Wine, for Amis, is merely one more character in an alcoholic narrative full of mixed drinks, liquors, liqueurs and ales. In terms of the liveliness and scope of the book’s catalog of drinks, Everyday Drinking is almost Dickensian. It is instructive, if you are a wine-lover with romantic feelings about structure, viniculture and the like—I myself am especially fond of rhapsodizing how a wine’s color captures and toys with the light—to remember that there are many people who consider such things pretentious and time wasting. Amis knows wine and its rituals well, but they are certainly not something he writes about with any enthusiasm:
Hit your wine merchant across the mouth when, innocently trying to put you on to a good thing, or what he sees as one, he recommends you to “buy for laying down.”

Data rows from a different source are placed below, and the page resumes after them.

lemma first_zero_before_pole:
  fixes f :: "real \<Rightarrow> real"
  assumes cont: "continuous_on {a<..<b} f"
    and pole: "filterlim f at_top (at_left b)"
    and p: "p \<in> {a<..<b}" "f p < 0"
  obtains z where "z \<in> {p<..<b}" "f z = 0" "\<And>y. y \<in> {z<..<b} \<Longrightarrow> f y > 0"
proof -
  have "continuous_on {-b<..<-a} (\<lambda>y. f (- y))"
    by (rule continuous_on_compose2[OF cont]) (auto intro: continuous_intros)
  moreover have "filterlim (\<lambda>y. f (- y)) at_top (at_right (- b))"
    using pole by (simp add: filterlim_at_left_to_right)
  moreover have "- p \<in> {-b<..<-a}" "f (- (- p)) < 0"
    using p by auto
  ultimately obtain z where z: "z \<in> {-b<..<-p}" "f (- z) = 0"
    and pos: "\<And>y. y \<in> {-b<..<z} \<Longrightarrow> f (- y) > 0"
    by (rule first_zero_after_pole) blast
  show ?thesis
  proof (rule that[of "- z"])
    fix y assume "y \<in> {-z<..<b}"
    then show "f y > 0"
      using pos[of "- y"] by auto
  qed (use z in auto)
qed

locale three_term_recurrence =
  fixes l s0 s1 sm kappa :: "nat \<Rightarrow> real"
  assumes l_pos: "n \<ge> 1 \<Longrightarrow> l n > 0"
    and s0_pos: "n \<ge> 1 \<Longrightarrow> s0 n > 0"
    and s1_pos: "n \<ge> 1 \<Longrightarrow> s1 n > 0"
    and sm_pos: "n \<ge> 1 \<Longrightarrow> sm n > 0"
begin

definition next_term :: "nat \<Rightarrow> real \<Rightarrow> real \<Rightarrow> real" where
  "next_term n v u = (l n / v - kappa n - s0 n * v - sm n * u) / s1 n"

lemma recurrence_iff_next_term:
  assumes "n \<ge> 1" "v \<noteq> 0"
  shows "l n = v * (s1 n * w + s0 n * v + sm n * u) + kappa n * v \<longleftrightarrow> w = next_term n v u"
  using s1_pos[OF assms(1)] assms(2) unfolding next_term_def by (auto simp: field_simps)

lemma next_term_tendsto_at_top:
  assumes n: "n \<ge> 1"
    and v: "(v \<longlongrightarrow> 0) F" "\<forall>\<^sub>F y in F. v y > 0"
    and u: "\<forall>\<^sub>F y in F. \<bar>u y\<bar> \<le> K"
  shows "filterlim (\<lambda>y. next_term n (v y) (u y)) at_top F"
proof -
  let ?g = "\<lambda>t. (l n / t - (\<bar>kappa n\<bar> + sm n * K) - s0 n * t) / s1 n"
  have "filterlim ?g at_top (at_right 0)"
    using l_pos[OF n] s0_pos[OF n] s1_pos[OF n] by real_asymp
  moreover have "filterlim v (at_right 0) F"
    using v by (rule tendsto_imp_filterlim_at_right)
  ultimately have "filterlim (\<lambda>y. ?g (v y)) at_top F"
    by (rule filterlim_compose)
  moreover have "\<forall>\<^sub>F y in F. ?g (v y) \<le> next_term n (v y) (u y)"
    using u
  proof eventually_elim
    case (elim y)
    then have "sm n * u y \<le> sm n * K"
      using sm_pos[OF n] by (intro mult_left_mono) auto
    then show ?case
      unfolding next_term_def using s1_pos[OF n]
      by (intro divide_right_mono) (auto simp: abs_ge_self)
  qed
  ultimately show ?thesis
    by (rule filterlim_at_top_mono)
qed

lemma eventually_next_term_neg:
  assumes n: "n \<ge> 1"
  shows "\<forall>\<^sub>F v in at_top. \<forall>u\<ge>c. next_term n v u < 0"
proof -
  let ?g = "\<lambda>v. (l n / v - kappa n - s0 n * v - sm n * c) / s1 n"
  have "filterlim ?g at_bot at_top"
    using l_pos[OF n] s0_pos[OF n] s1_pos[OF n] by real_asymp
  then have "\<forall>\<^sub>F v in at_top. ?g v < 0"
    by (simp add: filterlim_at_bot_dense)
  then show ?thesis
  proof eventually_elim
    case (elim v)
    have "next_term n v u \<le> ?g v" if "u \<ge> c" for u
      unfolding next_term_def using s1_pos[OF n] sm_pos[OF n] that
      by (intro divide_right_mono) auto
    with elim show ?case
      by fastforce
  qed
qed

context
  fixes x0 :: real
begin

fun orbit :: "nat \<Rightarrow> real \<Rightarrow> real" where
  "orbit 0 y = x0"
| "orbit (Suc 0) y = y"
| "orbit (Suc (Suc n)) y = next_term (Suc n) (orbit (Suc n) y) (orbit n y)"

lemma orbit_Suc: "n \<ge> 1 \<Longrightarrow> orbit (Suc n) y = next_term n (orbit n y) (orbit (n - 1) y)"
  by (cases n) auto

lemma continuous_on_orbit:
  assumes "\<And>y j. y \<in> S \<Longrightarrow> 1 \<le> j \<Longrightarrow> j < k \<Longrightarrow> orbit j y \<noteq> 0"
  shows "continuous_on S (orbit k)"
  using assms
proof (induction k rule: less_induct)
  case (less k)
  consider "k = 0" | "k = 1" | n where "k = Suc (Suc n)"
    by (metis One_nat_def not0_implies_Suc)
  then show ?case
  proof cases
    case 3
    have "continuous_on S (orbit (Suc n))" "continuous_on S (orbit n)"
      using less 3 by auto
    moreover have "\<forall>y\<in>S. orbit (Suc n) y \<noteq> 0"
      using less.prems 3 by auto
    ultimately show ?thesis
      unfolding 3 orbit.simps next_term_def using s1_pos[of "Suc n"]
      by (auto intro!: continuous_intros)
  qed (auto intro: continuous_intros)
qed

definition admissible :: "nat \<Rightarrow> real \<Rightarrow> real \<Rightarrow> bool" where
  "admissible n a b \<longleftrightarrow> a < b \<and>
     (\<forall>y\<in>{a<..<b}. \<forall>j\<in>{1..n}. orbit j y > 0) \<and>
     bounded (orbit (n - 1) ` {a<..<b}) \<and>
     (\<exists>e\<in>{a, b}. (orbit n \<longlongrightarrow> 0) (at e)) \<and>
     (\<exists>p\<in>{a<..<b}. orbit (Suc n) p < 0)"

lemma admissible_less: "admissible n a b \<Longrightarrow> a < b"
  by (simp add: admissible_def)

lemma admissible_orbit_pos:
  "admissible n a b \<Longrightarrow> y \<in> {a<..<b} \<Longrightarrow> 1 \<le> j \<Longrightarrow> j \<le> n \<Longrightarrow> orbit j y > 0"
  by (simp add: admissible_def)

lemma admissible_continuous_on:
  assumes "admissible n a b" "k \<le> Suc n"
  shows "continuous_on {a<..<b} (orbit k)"
proof (rule continuous_on_orbit)
  fix y j assume "y \<in> {a<..<b}" "1 \<le> j" "j < k"
  then have "orbit j y > 0"
    using assms(2) by (intro admissible_orbit_pos[OF assms(1)]) simp_all
  then show "orbit j y \<noteq> 0"
    by simp
qed

lemma admissible_base: "\<exists>b. admissible 1 0 b"
proof -
  have "\<forall>\<^sub>F y in at_top. \<forall>u\<ge>x0. next_term 1 y u < 0"
    by (rule eventually_next_term_neg) simp
  then obtain N where N: "\<And>y. y \<ge> N \<Longrightarrow> orbit 2 y < 0"
    by (auto simp: eventually_at_top_linorder numeral_2_eq_2)
  define p where "p = max N 1"
  have "admissible 1 0 (p + 1)"
    unfolding admissible_def
  proof (intro conjI)
    show "bounded (orbit (1 - 1) ` {0<..<p + 1})"
      by (simp add: image_constant_conv)
    show "\<exists>e\<in>{0, p + 1}. (orbit 1 \<longlongrightarrow> 0) (at e)"
    proof
      have "orbit 1 = (\<lambda>y. y)"
        by auto
      then show "(orbit 1 \<longlongrightarrow> 0) (at 0)"
        by (simp add: tendsto_ident_at)
    qed simp
    show "\<exists>q\<in>{0<..<p + 1}. orbit (Suc 1) q < 0"
      using N[of p] by (intro bexI[of _ p]) (auto simp: p_def numeral_2_eq_2)
  qed (auto simp: p_def)
  then show ?thesis ..
qed

lemma admissible_SucI:
  assumes adm: "admissible n a b"
    and sub: "{a'..b'} \<subseteq> {a<..<b}" and "a' < b'"
    and pos: "\<And>y. y \<in> {a'<..<b'} \<Longrightarrow> orbit (Suc n) y > 0"
    and e: "e \<in> {a', b'}" "orbit (Suc n) e = 0"
    and q: "q \<in> {a'<..<b'}" "orbit (Suc (Suc n)) q < 0"
  shows "admissible (Suc n) a' b'"
proof -
  have "compact (orbit n ` {a'..b'})"
    by (intro compact_continuous_image continuous_on_subset[OF admissible_continuous_on[OF adm] sub])
      auto
  then have bdd: "bounded (orbit n ` {a'<..<b'})"
    by (rule bounded_subset[OF compact_imp_bounded]) auto
  have "e \<in> {a'..b'}"
    using e(1) \<open>a' < b'\<close> by auto
  then have "e \<in> {a<..<b}"
    using sub by blast
  then have "isCont (orbit (Suc n)) e"
    using admissible_continuous_on[OF adm, of "Suc n"]
    by (simp add: continuous_on_eq_continuous_at)
  then have lim: "(orbit (Suc n) \<longlongrightarrow> 0) (at e)"
    using e(2) by (simp add: isCont_def)
  have "orbit j y > 0" if y: "y \<in> {a'<..<b'}" and j: "j \<in> {1..Suc n}" for y j
  proof (cases "j = Suc n")
    case False
    have "y \<in> {a'..b'}"
      using y by simp
    with sub have "y \<in> {a<..<b}"
      by blast
    with False j show ?thesis
      by (auto intro: admissible_orbit_pos[OF adm])
  qed (use pos y in simp)
  with bdd lim e(1) q \<open>a' < b'\<close> show ?thesis
    unfolding admissible_def by auto
qed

Whatever the men in the know may say, a German wine label is a fearful thing to decipher.
Drink any wine you like with any dish…. The North of England couple I once read about who shared a half-bottle of crème de menthe (I hope it was a half-bottle) to go with their grilled turbot should be inspiration, if not a literal example, to us all.
It is good, wine enthusiast, to realize that this mindset isn’t rare.
The book is at its most fun in chapters on hangover, how to entertain guests while keeping the lion’s share of good booze for yourself (“Mean Sod’s Guide,” it’s called, with a separate entry for the wife, “Mean Slag’s Guide.”), and many recipes on awful-sounding punches and cocktails. Queen Victoria’s Tipple, anyone?
I would add that Amis, for all his humor and apparently prodigious drinking, is not someone who pretends to be a bon vivant, either: He is someone who knows what he is talking about, but I always feel he is speaking from an old leather club chair in a cloud of unfiltered cigarette smoke intermingled with some smoggy ecological mist of black and white and gray. I think he is fundamentally grim, in a post-empire, hungover sort of way. Maybe the hangover was literal. The book is highly recommended, anyway, as something to sip from, learn from and laugh at out loud.
An importer of considerable influence and impeccable taste, Rosenthal is at his finest in this memoir when conjuring up the experience of sampling a new wine. Consider this long passage:
At its best, wine captures and transmits all of the elements of the ambience from which it is born. In the ’61 Chambave, one could smell the skin of the hares that scamper through the vineyards and the gentian and the juniper that fill the surrounding fields; the taste captured the myriad berries, black and red and blue, that grow in abundance on the mountainside; and, lingering in the background, in the aroma, as a supplemental flavor, and in the texture of the tannins, is the stern minerality of the slate-infused soil. We drank and we ate, and now, twenty-seven years later, every second of that experience is with me.
That’s a lovely marriage of romantic pictorialism—those scampering hares, that juniper in the fields—to a sensible, undergirding appreciation of the earth chemistry at work in the wine. It captures the small, happy miracle of wine. The book is less successful at bringing to life the vignerons he has cultivated in developing his renowned business (something doesn’t register—the mix of concrete detail and poetic feeling is off). His prose, when not on the specific topic of wine memories, can get lofty and magisterial and stiff. Wine, he writes near the start, “has invaded my thoughts much as a benign bacterium settles into milk to create pungent cheese.” If he had made his career as a dairy farmer, would he invoke Bordeaux to discuss his love of cheddar? Luckily, at any rate, his sensibility has been for wine.